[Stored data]
★ ★ ★ ★ ★

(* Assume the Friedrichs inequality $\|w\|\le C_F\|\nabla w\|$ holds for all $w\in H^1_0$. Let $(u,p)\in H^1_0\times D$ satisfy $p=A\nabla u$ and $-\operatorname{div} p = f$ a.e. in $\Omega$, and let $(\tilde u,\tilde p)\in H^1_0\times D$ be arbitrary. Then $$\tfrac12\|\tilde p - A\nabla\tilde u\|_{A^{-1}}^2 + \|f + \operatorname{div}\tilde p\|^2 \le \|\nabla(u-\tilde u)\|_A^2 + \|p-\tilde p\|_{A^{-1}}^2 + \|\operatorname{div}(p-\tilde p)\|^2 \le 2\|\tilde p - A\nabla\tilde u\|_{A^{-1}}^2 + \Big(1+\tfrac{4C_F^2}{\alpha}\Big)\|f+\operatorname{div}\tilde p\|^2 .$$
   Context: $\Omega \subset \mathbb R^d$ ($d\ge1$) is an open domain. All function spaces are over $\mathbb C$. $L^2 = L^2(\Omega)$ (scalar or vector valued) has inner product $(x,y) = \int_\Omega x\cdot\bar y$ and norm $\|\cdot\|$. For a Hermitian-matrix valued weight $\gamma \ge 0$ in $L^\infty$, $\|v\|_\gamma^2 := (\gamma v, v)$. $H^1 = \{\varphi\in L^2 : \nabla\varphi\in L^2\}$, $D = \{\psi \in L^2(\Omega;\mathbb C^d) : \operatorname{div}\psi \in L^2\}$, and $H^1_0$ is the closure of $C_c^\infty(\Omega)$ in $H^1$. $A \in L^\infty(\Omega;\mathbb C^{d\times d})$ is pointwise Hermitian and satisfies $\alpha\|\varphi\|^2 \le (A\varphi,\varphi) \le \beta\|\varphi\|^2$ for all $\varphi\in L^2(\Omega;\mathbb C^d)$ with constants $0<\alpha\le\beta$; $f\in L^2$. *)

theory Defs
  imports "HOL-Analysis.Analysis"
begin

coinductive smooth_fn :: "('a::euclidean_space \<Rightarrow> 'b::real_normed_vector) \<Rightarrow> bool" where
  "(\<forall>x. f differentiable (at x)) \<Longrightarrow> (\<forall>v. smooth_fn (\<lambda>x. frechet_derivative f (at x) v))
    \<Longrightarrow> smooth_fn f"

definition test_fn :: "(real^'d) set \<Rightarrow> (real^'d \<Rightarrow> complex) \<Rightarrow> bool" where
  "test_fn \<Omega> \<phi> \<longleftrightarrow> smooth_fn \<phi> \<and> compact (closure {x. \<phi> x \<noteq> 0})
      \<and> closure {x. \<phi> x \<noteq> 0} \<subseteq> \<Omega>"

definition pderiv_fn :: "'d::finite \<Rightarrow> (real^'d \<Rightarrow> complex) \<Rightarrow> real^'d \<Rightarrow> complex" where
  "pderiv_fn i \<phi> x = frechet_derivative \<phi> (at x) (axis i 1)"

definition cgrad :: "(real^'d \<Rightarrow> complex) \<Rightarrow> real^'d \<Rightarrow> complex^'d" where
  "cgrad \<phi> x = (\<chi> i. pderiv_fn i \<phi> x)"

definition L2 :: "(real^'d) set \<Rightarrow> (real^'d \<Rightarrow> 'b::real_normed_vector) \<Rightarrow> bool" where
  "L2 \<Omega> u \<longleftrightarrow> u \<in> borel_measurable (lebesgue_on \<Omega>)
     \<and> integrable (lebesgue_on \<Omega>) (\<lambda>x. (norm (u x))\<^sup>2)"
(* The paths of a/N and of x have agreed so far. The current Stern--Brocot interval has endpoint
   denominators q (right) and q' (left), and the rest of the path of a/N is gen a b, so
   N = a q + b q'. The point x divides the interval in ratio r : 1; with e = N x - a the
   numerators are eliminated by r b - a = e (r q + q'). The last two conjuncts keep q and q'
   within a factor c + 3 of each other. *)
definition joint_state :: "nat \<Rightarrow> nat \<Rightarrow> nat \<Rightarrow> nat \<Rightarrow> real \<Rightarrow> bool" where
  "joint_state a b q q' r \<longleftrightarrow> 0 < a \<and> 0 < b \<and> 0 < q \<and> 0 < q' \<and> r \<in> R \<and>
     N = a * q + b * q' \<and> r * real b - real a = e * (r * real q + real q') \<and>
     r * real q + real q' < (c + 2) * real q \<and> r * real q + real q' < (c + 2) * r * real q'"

★ ★ ★ ★ ★

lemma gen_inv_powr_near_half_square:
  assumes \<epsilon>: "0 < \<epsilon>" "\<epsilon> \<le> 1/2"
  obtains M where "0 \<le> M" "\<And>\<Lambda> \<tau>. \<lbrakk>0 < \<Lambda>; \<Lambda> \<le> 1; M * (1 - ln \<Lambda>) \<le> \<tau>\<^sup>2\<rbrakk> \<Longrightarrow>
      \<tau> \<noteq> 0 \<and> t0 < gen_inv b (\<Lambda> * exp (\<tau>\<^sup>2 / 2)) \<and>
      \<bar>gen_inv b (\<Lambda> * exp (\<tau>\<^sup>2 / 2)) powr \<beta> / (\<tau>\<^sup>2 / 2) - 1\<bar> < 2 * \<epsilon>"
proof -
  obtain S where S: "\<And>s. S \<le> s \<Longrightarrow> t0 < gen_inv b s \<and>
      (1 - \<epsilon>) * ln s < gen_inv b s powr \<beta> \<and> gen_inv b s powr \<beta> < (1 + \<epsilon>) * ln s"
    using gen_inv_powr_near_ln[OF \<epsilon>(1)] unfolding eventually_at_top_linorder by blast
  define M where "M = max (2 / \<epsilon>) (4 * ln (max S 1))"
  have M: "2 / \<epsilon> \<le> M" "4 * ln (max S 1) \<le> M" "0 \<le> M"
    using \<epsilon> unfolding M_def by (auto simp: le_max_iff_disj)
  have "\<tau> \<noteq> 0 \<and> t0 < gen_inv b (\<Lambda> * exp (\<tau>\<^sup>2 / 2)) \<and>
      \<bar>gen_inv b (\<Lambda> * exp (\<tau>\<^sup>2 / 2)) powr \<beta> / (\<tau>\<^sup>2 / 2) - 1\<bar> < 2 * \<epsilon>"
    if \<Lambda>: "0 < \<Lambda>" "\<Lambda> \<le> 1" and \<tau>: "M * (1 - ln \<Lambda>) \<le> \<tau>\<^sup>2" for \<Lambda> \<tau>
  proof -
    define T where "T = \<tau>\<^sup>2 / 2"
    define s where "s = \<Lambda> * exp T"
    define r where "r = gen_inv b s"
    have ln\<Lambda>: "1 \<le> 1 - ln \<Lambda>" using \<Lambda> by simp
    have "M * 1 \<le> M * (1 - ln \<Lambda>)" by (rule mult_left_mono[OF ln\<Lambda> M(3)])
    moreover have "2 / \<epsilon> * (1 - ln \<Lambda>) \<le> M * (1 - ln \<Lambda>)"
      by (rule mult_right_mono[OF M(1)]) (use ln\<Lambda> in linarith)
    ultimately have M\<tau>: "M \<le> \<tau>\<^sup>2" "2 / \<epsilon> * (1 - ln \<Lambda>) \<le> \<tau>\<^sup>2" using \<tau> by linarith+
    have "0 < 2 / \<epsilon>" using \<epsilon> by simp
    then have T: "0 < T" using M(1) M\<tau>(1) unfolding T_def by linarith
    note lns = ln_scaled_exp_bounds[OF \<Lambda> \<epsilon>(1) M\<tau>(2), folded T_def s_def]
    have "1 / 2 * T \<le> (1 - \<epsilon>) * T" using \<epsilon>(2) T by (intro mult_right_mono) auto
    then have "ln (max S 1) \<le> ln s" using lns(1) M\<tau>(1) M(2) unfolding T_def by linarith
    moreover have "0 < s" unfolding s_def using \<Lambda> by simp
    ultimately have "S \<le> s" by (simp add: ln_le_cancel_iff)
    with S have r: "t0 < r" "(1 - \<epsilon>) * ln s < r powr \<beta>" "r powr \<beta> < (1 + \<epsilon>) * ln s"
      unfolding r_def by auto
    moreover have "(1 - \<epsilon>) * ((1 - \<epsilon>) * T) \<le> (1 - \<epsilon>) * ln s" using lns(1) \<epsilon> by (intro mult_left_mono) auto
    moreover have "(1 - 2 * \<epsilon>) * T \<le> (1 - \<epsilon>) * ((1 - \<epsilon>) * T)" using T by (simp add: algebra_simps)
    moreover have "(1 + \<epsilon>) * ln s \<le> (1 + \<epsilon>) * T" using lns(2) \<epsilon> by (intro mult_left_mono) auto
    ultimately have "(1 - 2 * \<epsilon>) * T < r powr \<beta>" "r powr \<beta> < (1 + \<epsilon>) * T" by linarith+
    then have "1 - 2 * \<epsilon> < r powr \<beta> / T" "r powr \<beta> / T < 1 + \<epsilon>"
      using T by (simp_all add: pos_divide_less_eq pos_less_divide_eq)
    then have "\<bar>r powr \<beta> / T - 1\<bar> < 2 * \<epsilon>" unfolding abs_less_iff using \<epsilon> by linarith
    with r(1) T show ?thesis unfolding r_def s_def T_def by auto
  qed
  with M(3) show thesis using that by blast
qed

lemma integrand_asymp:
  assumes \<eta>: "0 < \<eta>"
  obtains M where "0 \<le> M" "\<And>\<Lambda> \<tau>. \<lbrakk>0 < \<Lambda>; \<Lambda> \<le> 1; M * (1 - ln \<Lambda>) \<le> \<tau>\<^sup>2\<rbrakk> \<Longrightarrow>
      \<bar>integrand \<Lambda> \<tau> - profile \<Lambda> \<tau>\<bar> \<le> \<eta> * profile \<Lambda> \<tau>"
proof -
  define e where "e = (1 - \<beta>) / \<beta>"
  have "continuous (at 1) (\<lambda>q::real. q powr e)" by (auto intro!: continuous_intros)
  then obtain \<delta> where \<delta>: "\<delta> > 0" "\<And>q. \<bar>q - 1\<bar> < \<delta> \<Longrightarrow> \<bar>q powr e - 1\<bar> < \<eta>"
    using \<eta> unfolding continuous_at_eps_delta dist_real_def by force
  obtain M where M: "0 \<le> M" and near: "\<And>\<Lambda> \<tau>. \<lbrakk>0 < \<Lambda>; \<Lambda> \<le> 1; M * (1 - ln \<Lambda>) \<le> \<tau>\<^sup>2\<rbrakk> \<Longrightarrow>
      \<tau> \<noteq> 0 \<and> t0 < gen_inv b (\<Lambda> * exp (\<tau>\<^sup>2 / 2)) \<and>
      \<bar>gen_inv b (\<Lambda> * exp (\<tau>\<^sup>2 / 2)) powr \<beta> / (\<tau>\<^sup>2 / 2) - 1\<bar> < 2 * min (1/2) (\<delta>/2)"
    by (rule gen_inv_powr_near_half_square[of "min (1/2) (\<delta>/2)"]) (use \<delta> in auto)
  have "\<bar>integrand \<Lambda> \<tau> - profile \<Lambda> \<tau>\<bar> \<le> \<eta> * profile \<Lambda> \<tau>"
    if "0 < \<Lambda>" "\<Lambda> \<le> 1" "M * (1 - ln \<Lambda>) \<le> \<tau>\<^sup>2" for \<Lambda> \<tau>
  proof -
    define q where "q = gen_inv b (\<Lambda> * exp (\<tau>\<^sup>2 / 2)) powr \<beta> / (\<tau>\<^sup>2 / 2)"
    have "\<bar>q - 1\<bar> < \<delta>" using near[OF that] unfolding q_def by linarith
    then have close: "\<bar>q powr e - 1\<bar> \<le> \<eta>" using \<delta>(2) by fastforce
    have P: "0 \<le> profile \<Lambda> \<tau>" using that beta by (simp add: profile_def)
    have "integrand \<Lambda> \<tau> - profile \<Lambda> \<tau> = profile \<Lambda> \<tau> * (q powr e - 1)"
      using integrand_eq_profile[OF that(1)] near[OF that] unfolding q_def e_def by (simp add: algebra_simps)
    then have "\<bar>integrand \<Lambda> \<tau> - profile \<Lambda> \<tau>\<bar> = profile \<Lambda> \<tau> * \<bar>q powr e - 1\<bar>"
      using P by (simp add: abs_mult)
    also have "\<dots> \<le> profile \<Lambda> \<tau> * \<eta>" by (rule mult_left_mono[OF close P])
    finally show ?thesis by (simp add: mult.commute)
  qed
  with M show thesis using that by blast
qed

★ ★ ★ ★ ★

Only a number is wanted here: the tally of lines in the entries that include the word "interval".

§ Response: 2